**AVAILABLE DATA**.
· · · · ·

text \<open>Differentiating the steady-state equations in \<open>K\<close> shows that the tangent vector
  \<open>d = d\<theta>*/dK\<close> solves \<open>J d = \<omega>/K\<close>, while differentiating \<open>r_uni\<close> and using the
  antisymmetry of \<open>A\<^sub>i\<^sub>j sin(\<theta>\<^sub>j - \<theta>\<^sub>i)\<close> together with the steady-state equations gives
  \<open>r' = -2 (d \<cdot> \<omega>) / (K \<Sum>k\<^sub>i)\<close>. Since \<open>J\<close> is symmetric and annihilates constants, \<open>\<omega>\<close> and
  the \<open>v\<^sub>n\<close> are orthogonal to \<open>(1,\<dots>,1)\<close>, so expanding \<open>d \<cdot> \<omega>\<close> in the eigenbasis yields
  \<open>d \<cdot> \<omega> = \<Sum>\<^sub>n (v\<^sub>n \<cdot> \<omega>)\<^sup>2 / (K \<lambda>\<^sub>n)\<close>; stability makes every term of \<open>r'\<close> nonnegative.\<close>

lemma orthonormal_rows_imp_orthonormal_cols:
  fixes u :: "nat \<Rightarrow> nat \<Rightarrow> real"
  assumes on: "\<forall>r\<in>{1..N}. \<forall>s\<in>{1..N}. (\<Sum>j=1..N. u r j * u s j) = (if r = s then 1 else 0)"
    and i: "i \<in> {1..N}" and j: "j \<in> {1..N}"
  shows "(\<Sum>r=1..N. u r i * u r j) = (if i = j then 1 else 0)"
proof -
  define M where "M = mat N N (\<lambda>(r,j). u (r+1) (j+1))"
  have Mc: "M \<in> carrier_mat N N" "transpose_mat M \<in> carrier_mat N N" unfolding M_def by auto
  have "M * transpose_mat M = 1\<^sub>m N"
  proof (rule eq_matI)
    fix a b assume ab: "a < dim_row (1\<^sub>m N)" "b < dim_col (1\<^sub>m N)"
    have "(M * transpose_mat M) $$ (a,b) = (\<Sum>k<N. u (a+1) (k+1) * u (b+1) (k+1))"
      using ab unfolding M_def by (simp add: scalar_prod_def lessThan_atLeast0)
    also have "\<dots> = (\<Sum>k=1..N. u (a+1) k * u (b+1) k)"
      using sum_bounds_lt_plus1[of "\<lambda>k. u (a+1) k * u (b+1) k" N] by simp
    also have "\<dots> = (if a = b then 1 else 0)" using on ab by auto
    finally show "(M * transpose_mat M) $$ (a,b) = 1\<^sub>m N $$ (a,b)" using ab by simp
  qed (use Mc in auto)
  then have MtM: "transpose_mat M * M = 1\<^sub>m N" using mat_mult_left_right_inverse[OF Mc] by blast
  have ij: "i-1 < N" "j-1 < N" "Suc (i-1) = i" "Suc (j-1) = j" using i j by auto
  have "(transpose_mat M * M) $$ (i-1,j-1) = (\<Sum>k<N. u (k+1) i * u (k+1) j)"
    unfolding M_def using ij by (simp add: scalar_prod_def lessThan_atLeast0 del: Suc_pred)
  also have "\<dots> = (\<Sum>r=1..N. u r i * u r j)"
    using sum_bounds_lt_plus1[of "\<lambda>k. u k i * u k j" N] by simp
  finally show ?thesis using MtM i j by (auto split: if_splits)
qed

· · · · ·

Please output the line that contains "using ab unfolding" and every line after it in the entries above, exactly, and nothing more.

      using ab unfolding M_def by (simp add: scalar_prod_def lessThan_atLeast0)
    also have "\<dots> = (\<Sum>k=1..N. u (a+1) k * u (b+1) k)"
      using sum_bounds_lt_plus1[of "\<lambda>k. u (a+1) k * u (b+1) k" N] by simp
    also have "\<dots> = (if a = b then 1 else 0)" using on ab by auto
    finally show "(M * transpose_mat M) $$ (a,b) = 1\<^sub>m N $$ (a,b)" using ab by simp
  qed (use Mc in auto)
  then have MtM: "transpose_mat M * M = 1\<^sub>m N" using mat_mult_left_right_inverse[OF Mc] by blast
  have ij: "i-1 < N" "j-1 < N" "Suc (i-1) = i" "Suc (j-1) = j" using i j by auto
  have "(transpose_mat M * M) $$ (i-1,j-1) = (\<Sum>k<N. u (k+1) i * u (k+1) j)"
    unfolding M_def using ij by (simp add: scalar_prod_def lessThan_atLeast0 del: Suc_pred)
  also have "\<dots> = (\<Sum>r=1..N. u r i * u r j)"
    using sum_bounds_lt_plus1[of "\<lambda>k. u k i * u k j" N] by simp
  finally show ?thesis using MtM i j by (auto split: if_splits)
qed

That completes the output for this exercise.